The Left and agricultural policy will surely invite a number of jokes.

On a more serious level, an agricultural policy is a minefield for the left. First of all, identification of the appropriate constitutency is difficult. Smaller farmers find themselves squeezed by the large grocery chains and have seen their incomes drop due to cuts to schemes. This may provide an opportunity. However, twenty percent of the average farm revenue comes from grants. Small businesses reliant on state welfare throws up some ideological challenges for a lot of leftist parties.

Between one-half to two-thirds of all farmers are over the age of forty. The average age of a farmer is fifty- four. While I recognize the demographics of this site, older people are not well disposed to left parties at the best of times. Getting them to change now may be an uphill struggle.

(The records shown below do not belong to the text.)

lemma card_out_tree_V_plus_legs_less:
  assumes "l \<ge> 2" "k \<ge> 1"
  shows "card (out_tree_V k l) + l ^ Suc k * k < 3 * k * l ^ (k + 1)"
proof -
  have "card (out_tree_V k l) < 2 * l ^ k"
    using assms(1) by (rule card_out_tree_V_less)
  also have "\<dots> \<le> l ^ Suc k"
    using assms(1) by simp
  also have "\<dots> \<le> l ^ Suc k * k"
    using assms(2) by simp
  finally have "card (out_tree_V k l) < l ^ Suc k * k" .
  moreover have "3 * k * l ^ (k + 1) = 3 * (l ^ Suc k * k)"
    by simp
  ultimately show ?thesis
    by linarith
qed

lemma out_tree_V_Suc: "out_tree_V (Suc k) l = out_tree_V k l \<union> out_tree_leaves (Suc k) l"
  by (auto simp: out_tree_V_def out_tree_leaves_def)

lemma out_tree_E_Suc:
  "out_tree_E (Suc k) l = out_tree_E k l \<union> {(xs, xs @ [i]) | xs i. xs \<in> out_tree_leaves k l \<and> i < l}"
  by (auto simp: out_tree_E_def out_tree_leaves_def)

lemma out_tree_E_subset: "out_tree_E k l \<subseteq> out_tree_V k l \<times> out_tree_V k l"
  by (auto simp: out_tree_E_def out_tree_V_def)

lemma out_tree_leaves_subset: "out_tree_leaves k l \<subseteq> out_tree_V k l"
  by (auto simp: out_tree_V_def out_tree_leaves_def)
(* Let $w\in G(e,e,n)$. Define matrices $w_n,w_{n-1},\dots,w_1$ recursively: $w_n=w$; for $i$ from $n$ down to $2$, let $c_i$ be the unique column index with $a_i:=w_i[i,c_i]\neq 0$, and let $w_{i-1}$ be the $(i-1)\times(i-1)$ matrix obtained from $w_i$ by deleting row $i$ and column $c_i$ and then multiplying the first column of the resulting matrix by $a_i$. For $2\le i\le n$ put $L_i=i-c_i$ if $a_i=1$; $L_i=i-1$ if $a_i\neq 1$ and $c_i=1$; $L_i=i+c_i-2$ if $a_i\neq1$ and $c_i\ge 2$. Then $\ell(w)=\sum_{i=2}^n L_i$. Moreover, a reduced expression of $w$ over $X$ is given by the concatenation $R_2R_3\cdots R_n$, where (writing $s_2:=t_0$) $R_i=s_i s_{i-1}\cdots s_{c_i+1}$ if $a_i=1$ (empty if $c_i=i$), and if $a_i=\zeta_e^{k}$ with $k\not\equiv 0$: $R_i=s_i\cdots s_3\,t_k$ if $c_i=1$, $R_i=s_i\cdots s_3\,t_k t_0$ if $c_i=2$, $R_i=s_i\cdots s_3\,t_kt_0\,s_3\cdots s_{c_i}$ if $c_i\ge 3$.
   Context: Let $e\ge 2$, $n\ge 2$ be integers, $\zeta_e=e^{2\pi i/e}$, and $\mu_e$ the group of $e$-th roots of unity. $G(e,e,n)$ is the group of $n\times n$ monomial matrices (exactly one nonzero entry in each row and column) with nonzero entries in $\mu_e$ whose product of nonzero entries is $1$. For $w$ a matrix, $w[i,c]$ is its $(i,c)$ entry. For $i\in\mathbb{Z}/e\mathbb{Z}$, $t_i\in G(e,e,n)$ is the matrix with $(1,2)$ entry $\zeta_e^{-i}$, $(2,1)$ entry $\zeta_e^{i}$, $(j,j)$ entry $1$ for $3\le j\le n$, all other entries $0$. For $3\le j\le n$, $s_j$ is the permutation matrix of the transposition exchanging $j-1$ and $j$. The set $X=\{t_0,\dots,t_{e-1},s_3,\dots,s_n\}$ generates $G(e,e,n)$, and $\ell(w)$ denotes the minimal number of elements of $X$ whose product is $w$; a reduced expression is a word over $X$ of length $\ell(w)$ representing $w$. *)

theory Defs
  imports Complex_Main
begin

Agriculture is also our biggest CO2 emitter. As it stands, Ireland is going to miss its emissions targets this year and will likely miss its 2020 targets by a good margin. As an aside, I find it exasperating that people here get in a tizzy about Trump’s ridiculous stance on climate change while our own government remains in flagrant breach of the agreed limits. The national dairy herd is set to increase by a sixth over the next three to four years. This is not sustainable but reducing the herd will invoke apoplexy. The current scheme, I understand, is to incentivise people into forestry but this causes issues with inheritance.

As to coops, we have a quite a few still in agriculture. Many may have converted to a limited company/DAC form since their hey-day. Credit Unions are still very active and are currently looking to have mortgage rules relaxed. (::sigh::)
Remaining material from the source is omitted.